Friday, August 10, 2007

Sometimes Pictures ...

Sometimes, pictures can tell or cover-up whole stories—more than any news report or any press conference can.

In the English-speaking world, John Berger, more than any art critique I know, has shown how pictures and looking can disclose a great deal about events, people and places. (See his Ways of Seeing and class of the same name by Professor Lori Landay at UC Berkeley.)

When I write this entry, i.e. during lunch hour on August 8, 2007, two of the three pictures above are less than 24 hours old.

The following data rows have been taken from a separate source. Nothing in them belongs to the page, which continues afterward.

(* Let $r:\mathcal T\to\mathbb N\cup\{0\}$ be a function satisfying: (1) $r(\mathscr X)=0$ if and only if $\mathscr X=\mathbf 0$, and $r(\mathscr X)=1$ if and only if $\mathscr X$ is a rank-one tensor; (2) $r$ is constant on equivalence classes of $\sim$; (3) if $\mathscr X$ is a tensor of order $N$ with $\mathscr X\neq\mathbf 0$ and $\mathscr X$ not rank-one, then with $S_0=\{M\mid \mathscr I_{M,N}\text{ is a subtensor of some }\mathscr Y\sim\mathscr X\}$ and $S_1=\{\operatorname{rank}(\mathbf A)\mid \mathbf A\text{ is a submatrix of some }\mathscr Y\sim\mathscr X\}$ we have $r(\mathscr X)=\max(S_0\cup S_1\cup\{2\})$. Then $r=\mu$, where $\mu(\mathscr X)=\min\{s(\mathscr X)\mid s\text{ is a QZC rank function}\}$ for every $\mathscr X\in\mathcal T$.
   Context: $\mathcal T$ is the collection of all real tensors (of all orders $N\ge1$ and all sizes). A rank-one tensor is one of the form $\mathbf a^{(1)}\circ\cdots\circ\mathbf a^{(N)}$, i.e. $x_{i_1\cdots i_N}=a^{(1)}_{i_1}\cdots a^{(N)}_{i_N}$, with all $\mathbf a^{(n)}$ nonzero vectors. $\mathscr I_{M,N}$ is the order-$N$ tensor of size $M\times\cdots\times M$ with $1$ in positions $(i,\dots,i)$ and $0$ elsewhere. A subtensor of $\mathscr X\in\mathbb R^{I_1\times\cdots\times I_N}$ is a tensor $\mathscr Y\in\mathbb R^{J_1\times\cdots\times J_N}$ with $y_{j_1\cdots j_N}=x_{i_{1j_1}\cdots i_{Nj_N}}$ for some indices $1\le i_{n1}<\cdots<i_{nJ_n}\le I_n$. A submatrix of $\mathscr X$ means a subtensor with $J_n=1$ for all but at most two modes, viewed as a vector or matrix (a vector having rank $1$ if nonzero, $0$ otherwise). For $\pi\in S_N$ (the symmetric group on $\{1,\dots,N\}$), the mode-permutation of $\mathscr X$ is the tensor $\mathscr Y$ with $y_{i_1\cdots i_N}=x_{i_{\pi(1)}\cdots i_{\pi(N)}}$ (with correspondingly permuted dimensions). The relation $\sim$ is the smallest equivalence relation on $\mathcal T$ with $\mathscr X\sim\alpha\mathscr X$ for all $\alpha\in\mathbb R\setminus\{0\}$ and $\mathscr X\sim\mathscr Y$ whenever $\mathscr Y$ is a mode-permutation of $\mathscr X$. A QZC rank function is a function $s:\mathcal T\to\mathbb N\cup\{0\}$ such that: (QZC1) $s(\mathscr X)=0$ iff $\mathscr X=\mathbf 0$, and $s(\mathscr X)=1$ iff $\mathscr X$ is rank-one; (QZC2) $s(\mathscr I_{M,N})=M$ whenever $N\ge2$; (QZC3) if $\mathscr X\in\mathbb R^{I_1\times I_2\times1\times\cdots\times1}$ then $s(\mathscr X)$ equals the rank of the corresponding $I_1\times I_2$ matrix; (QZC4) $s(\alpha\mathscr X)=s(\mathscr X)$ for $\alpha\ne0$; (QZC5) $s$ is invariant under mode-permutations; (QZC6) $s(\mathscr Y)\le s(\mathscr X)$ whenever $\mathscr Y$ is a subtensor of $\mathscr X$. *)

theory Defs
  imports "Jordan_Normal_Form.DL_Rank" "HOL-Combinatorics.Permutations"
begin

text \<open>A real tensor of order N with dimensions I_1,...,I_N is represented by the pair
  (dims, entries) with dims a list of length N of positive sizes and entries a function on
  index lists; indices are 0-based and entries outside the index box are 0.\<close>

type_synonym tensor = "nat list \<times> (nat list \<Rightarrow> real)"

definition tdims :: "tensor \<Rightarrow> nat list" where "tdims X = fst X"
definition tent :: "tensor \<Rightarrow> nat list \<Rightarrow> real" where "tent X = snd X"
definition order :: "tensor \<Rightarrow> nat" where "order X = length (tdims X)"

definition valid_index :: "nat list \<Rightarrow> nat list \<Rightarrow> bool" where
  "valid_index d i \<longleftrightarrow> length i = length d \<and> (\<forall>n<length d. i ! n < d ! n)"

definition is_tensor :: "tensor \<Rightarrow> bool" where
  "is_tensor X \<longleftrightarrow> tdims X \<noteq> [] \<and> (\<forall>n<length (tdims X). 0 < tdims X ! n)
     \<and> (\<forall>i. \<not> valid_index (tdims X) i \<longrightarrow> tent X i = 0)"

definition is_zero :: "tensor \<Rightarrow> bool" where
  "is_zero X \<longleftrightarrow> (\<forall>i. tent X i = 0)"

definition rank_one :: "tensor \<Rightarrow> bool" where
  "rank_one X \<longleftrightarrow> (\<exists>a :: nat \<Rightarrow> nat \<Rightarrow> real.
     (\<forall>n<order X. \<exists>j<tdims X ! n. a n j \<noteq> 0) \<and>
     (\<forall>i. valid_index (tdims X) i \<longrightarrow> tent X i = (\<Prod>n<order X. a n (i ! n))))"

definition ident_tensor :: "nat \<Rightarrow> nat \<Rightarrow> tensor" where
  "ident_tensor M N = (replicate N M,
     (\<lambda>i. if valid_index (replicate N M) i \<and> (\<forall>n<N. i ! n = i ! 0) then 1 else 0))"

definition scale_tensor :: "real \<Rightarrow> tensor \<Rightarrow> tensor" where
  "scale_tensor \<alpha> X = (tdims X, (\<lambda>i. \<alpha> * tent X i))"

definition subtensor :: "tensor \<Rightarrow> tensor \<Rightarrow> bool" where
  "subtensor Y X \<longleftrightarrow> is_tensor Y \<and> is_tensor X \<and> order Y = order X \<and>
     (\<exists>\<sigma> :: nat \<Rightarrow> nat \<Rightarrow> nat.
        (\<forall>n<order X. strict_mono_on {..<tdims Y ! n} (\<sigma> n) \<and>
                      (\<forall>j<tdims Y ! n. \<sigma> n j < tdims X ! n)) \<and>
        (\<forall>j. valid_index (tdims Y) j \<longrightarrow>
              tent Y j = tent X (map (\<lambda>n. \<sigma> n (j ! n)) [0..<order X])))"

definition mode_perm :: "tensor \<Rightarrow> tensor \<Rightarrow> bool" where
  "mode_perm X Y \<longleftrightarrow> is_tensor X \<and> is_tensor Y \<and> order Y = order X \<and>
     (\<exists>\<pi>. \<pi> permutes {..<order X} \<and>
        (\<forall>k<order X. tdims Y ! (\<pi> k) = tdims X ! k) \<and>
        (\<forall>i. valid_index (tdims Y) i \<longrightarrow>
              tent Y i = tent X (map (\<lambda>k. i ! (\<pi> k)) [0..<order X])))"

definition sim_gen :: "tensor \<Rightarrow> tensor \<Rightarrow> bool" where
  "sim_gen X Y \<longleftrightarrow> is_tensor X \<and>
     ((\<exists>\<alpha>. \<alpha> \<noteq> 0 \<and> Y = scale_tensor \<alpha> X) \<or> mode_perm X Y)"

definition tsim :: "tensor \<Rightarrow> tensor \<Rightarrow> bool" where
  "tsim = equivclp sim_gen"

definition mode_matrix :: "tensor \<Rightarrow> nat \<Rightarrow> nat \<Rightarrow> real mat" where
  "mode_matrix X p q = mat (tdims X ! p) (tdims X ! q)
     (\<lambda>(a, b). tent X (map (\<lambda>n. if n = p then a else if n = q then b else 0) [0..<order X]))"

definition mat_rank :: "real mat \<Rightarrow> nat" where
  "mat_rank A = vec_space.rank (dim_row A) A"

definition submatrix_ranks :: "tensor \<Rightarrow> nat set" where
  "submatrix_ranks X =
     {k. \<exists>Z p q. subtensor Z X \<and> p < q \<and> q < order X \<and>
          (\<forall>n<order X. n \<noteq> p \<and> n \<noteq> q \<longrightarrow> tdims Z ! n = 1) \<and>
          k = mat_rank (mode_matrix Z p q)}
   \<union> {k. \<exists>Z p. subtensor Z X \<and> p < order X \<and>
          (\<forall>n<order X. n \<noteq> p \<longrightarrow> tdims Z ! n = 1) \<and>
          k = (if is_zero Z then 0 else 1)}"

definition QZC :: "(tensor \<Rightarrow> nat) \<Rightarrow> bool" where
  "QZC s \<longleftrightarrow>
     (\<forall>X. is_tensor X \<longrightarrow> (s X = 0 \<longleftrightarrow> is_zero X) \<and> (s X = 1 \<longleftrightarrow> rank_one X)) \<and>
     (\<forall>M N. 1 \<le> M \<longrightarrow> 2 \<le> N \<longrightarrow> s (ident_tensor M N) = M) \<and>
     (\<forall>X. is_tensor X \<longrightarrow> 2 \<le> order X \<longrightarrow> (\<forall>n. 2 \<le> n \<and> n < order X \<longrightarrow> tdims X ! n = 1) \<longrightarrow>
          s X = mat_rank (mode_matrix X 0 1)) \<and>
     (\<forall>X \<alpha>. is_tensor X \<longrightarrow> \<alpha> \<noteq> 0 \<longrightarrow> s (scale_tensor \<alpha> X) = s X) \<and>
     (\<forall>X Y. mode_perm X Y \<longrightarrow> s Y = s X) \<and>
     (\<forall>X Y. subtensor Y X \<longrightarrow> s Y \<le> s X)"

definition mu :: "tensor \<Rightarrow> nat" where
  "mu X = Inf {s X | s. QZC s}"

end

theory Submission
  imports Defs
begin

text \<open>
  The function r is a QZC rank function that lies below every QZC rank function, so it is their
  minimum \<mu>.

  A QZC rank function s dominates every element of the witness set
  S_0 \<union> S_1 \<union> {2}: it is invariant under \<sim> and monotone on subtensors,
  it takes the value M on the diagonal tensor of side M, and on a submatrix it is the matrix rank,
  because a mode permutation moves the two modes of a submatrix to the front and turns it into a
  tensor of matrix shape.

  Conversely, r inherits (QZC6) because a subtensor relation can be transported along \<sim>, so
  the witness set only grows when passing to a larger tensor, and (QZC2) because no witness of a
  diagonal tensor exceeds its side length. For (QZC3), the submatrices of a
  tensor equivalent to one of matrix shape are, up to scaling and transposition, submatrices of
  that matrix, so their ranks are bounded by its rank; a diagonal subtensor of order at least three
  has side at most 1 there, since \<sim> preserves the set of mode sizes and one of them is 1.
\<close>

section \<open>Rank factorization of matrices\<close>

context vec_space
begin

lemma rank_mult_le_inner_dim:
  assumes B: "B \<in> carrier_mat n k" and C: "C \<in> carrier_mat k m"
  shows "rank (B * C) \<le> k"
proof -
  have BC: "B * C \<in> carrier_mat n m" using B C by auto
  have cols_BC: "set (cols (B * C)) \<subseteq> span (set (cols B))"
  proof
    fix x assume "x \<in> set (cols (B * C))"
    then obtain j where j: "j < m" "x = col (B * C) j"
      using BC by (metis cols_length cols_nth in_set_conv_nth carrier_matD(2))
    have "x = B *\<^sub>v col C j" using j B C by auto
    moreover have "col C j \<in> carrier_vec (dim_col B)" using B C j by auto
    ultimately have "x \<in> col_space B" using col_space_eq[OF B] B by auto
    then show "x \<in> span (set (cols B))" unfolding col_space_def .
  qed
  have sB: "subspace class_ring (span (set (cols B))) V"
    using B cols_dim carrier_matD(1) span_is_subspace by (metis module_vec_simps(3))
  have sBC: "subspace class_ring (span (set (cols (B * C)))) V"
    using BC cols_dim carrier_matD(1) span_is_subspace by (metis module_vec_simps(3))
  have "span (set (cols (B * C))) \<subseteq> span (set (cols B))"
    using cols_BC B by (intro span_subsetI) (auto dest: subsetD[OF cols_dim])
  then have "subspace class_ring (span (set (cols (B * C)))) (vs (span (set (cols B))))"
    using nested_subspaces[OF sB sBC] by auto
  then have "rank (B * C) \<le> rank B" unfolding rank_def
    using vectorspace.subspace_dim[OF subspace_is_vs[OF sB]] fin_dim_span_cols[OF B]
      fin_dim_span_cols[OF BC] by auto
  also have "\<dots> \<le> k" using rank_le_nc[OF B] .
  finally show ?thesis .
qed
(* Let $M$ be a compact Riemannian manifold, $X$ a $C^1$ vector field on $M$ with flow $X_t$, and $\Lambda$ a compact $X_t$-invariant set containing no zeros of $X$. Let $T_\Lambda M=E\oplus\langle X\rangle\oplus F$ be a partially dominated splitting over $\Lambda$. If $E$ (or $F$) is either uniformly contracting or uniformly expanding, then this splitting induces a dominated splitting over $\Lambda$ for $X_t$, namely one of $E\oplus(\langle X\rangle\oplus F)$ or $(E\oplus\langle X\rangle)\oplus F$ is a dominated splitting.
   Context: $\langle X\rangle$ is the line bundle spanned by the flow direction. For a linear map $L$ and subspace $F$, $\|L|_F\|=\sup_{v\in F,\|v\|=1}\|Lv\|$. A partially dominated splitting over $\Lambda$ is a continuous $DX_t$-invariant splitting $T_\Lambda M=E\oplus\langle X\rangle\oplus F$ with $E_x\neq\{0\}$, $F_x\neq\{0\}$ for all $x\in\Lambda$, and constants $K,\lambda>0$ such that $\|DX_t|_{E_x}\|\cdot\|DX_{-t}|_{F_{X_t(x)}}\|<Ke^{-\lambda t}$ for all $x\in\Lambda$, $t>0$. A dominated splitting over $\Lambda$ is a continuous $DX_t$-invariant splitting $T_\Lambda M=G\oplus H$ with $G_x,H_x\neq\{0\}$ and constants $K,\lambda>0$ such that $\|DX_t|_{G_x}\|\cdot\|DX_{-t}|_{H_{X_t(x)}}\|<Ke^{-\lambda t}$ for all $x\in\Lambda$, $t>0$. A subbundle $E$ is uniformly contracting if there are $C,\lambda>0$ with $\|DX_t|_{E_x}\|\le Ce^{-\lambda t}$ for all $x\in\Lambda$, $t\ge 0$; uniformly expanding if the same holds for $DX_{-t}$ (i.e. $\|DX_{-t}|_{E_{x}}\|\le Ce^{-\lambda t}$ for $t\ge0$). *)

theory Defs
  imports "HOL-Analysis.Analysis"
begin

definition c1_submanifold :: "'a::euclidean_space set \<Rightarrow> bool" where
  "c1_submanifold M \<longleftrightarrow>
    (\<forall>x\<in>M. \<exists>V W S (h::'a \<Rightarrow> 'a) (h'::'a \<Rightarrow> 'a \<Rightarrow>\<^sub>L 'a).
        open V \<and> x \<in> V \<and> open W \<and> subspace S \<and> bij_betw h V W \<and>
        (\<forall>y\<in>V. (h has_derivative blinfun_apply (h' y)) (at y)) \<and>
        continuous_on V h' \<and>
        (\<forall>y\<in>V. bij (blinfun_apply (h' y))) \<and>
        h ` (M \<inter> V) = S \<inter> W)"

What do the pictures tell you?

A "Strategy" for Iraq

Thus, writes David Gardner of Financial Times ("America's Illusory Strategy in Iraq," August 9 2007):

But US commanders seem to have no trouble detecting the hand of Tehran everywhere. This largely evidence-free blaming of serial setbacks on Iranian forces is a bad case of denial. First, the insurgency is overwhelmingly Iraqi and Sunni, built around a new generation of jihadis created by the US invasion. Second, to the extent foreign fighters are involved these have come mostly from US-allied and Sunni Saudi Arabia, not Shia Iran. Third, the lethal roadside bombs with shaped charges that US officials have coated with a spurious veneer of sophistication to prove Iranian provenance are mostly made by Iraqi army-trained engineers – from high explosive looted from those unsecured arms dumps.

Shia Iran has backed a lot of horses in Iraq. If it wished to bring what remains of the country down around US ears it could. It has not done so. The plain fact is that Tehran’s main clients in Iraq are the same as Washington’s: Mr Maliki’s Da’wa and the Supreme Islamic Council of Iraq led by Abdelaziz al-Hakim. Iran has bet less on the unpredictable Moqtada al-Sadr and his Mahdi army, which has, in any case, largely stood aside during the present troop surge.

So, in sum. Having upturned the Sunni order in Iraq and the Arab world, and hugely enlarged the Shia Islamist power emanating from Iran, the US finds itself dependent on Tehran-aligned forces in Baghdad, yet unable to dismantle the Sunni jihadistan it has created in central and western Iraq. Ignoring its Iraqi allies it is arming Sunni insurgents to fight al-Qaeda. And, by selling them arms rather than settling Palestine it is trying to put together an Arab Sunni alliance (Egypt, Jordan and Saudi Arabia) with Israel against Iran. All clear? How can anyone keep a straight face and call this a strategy?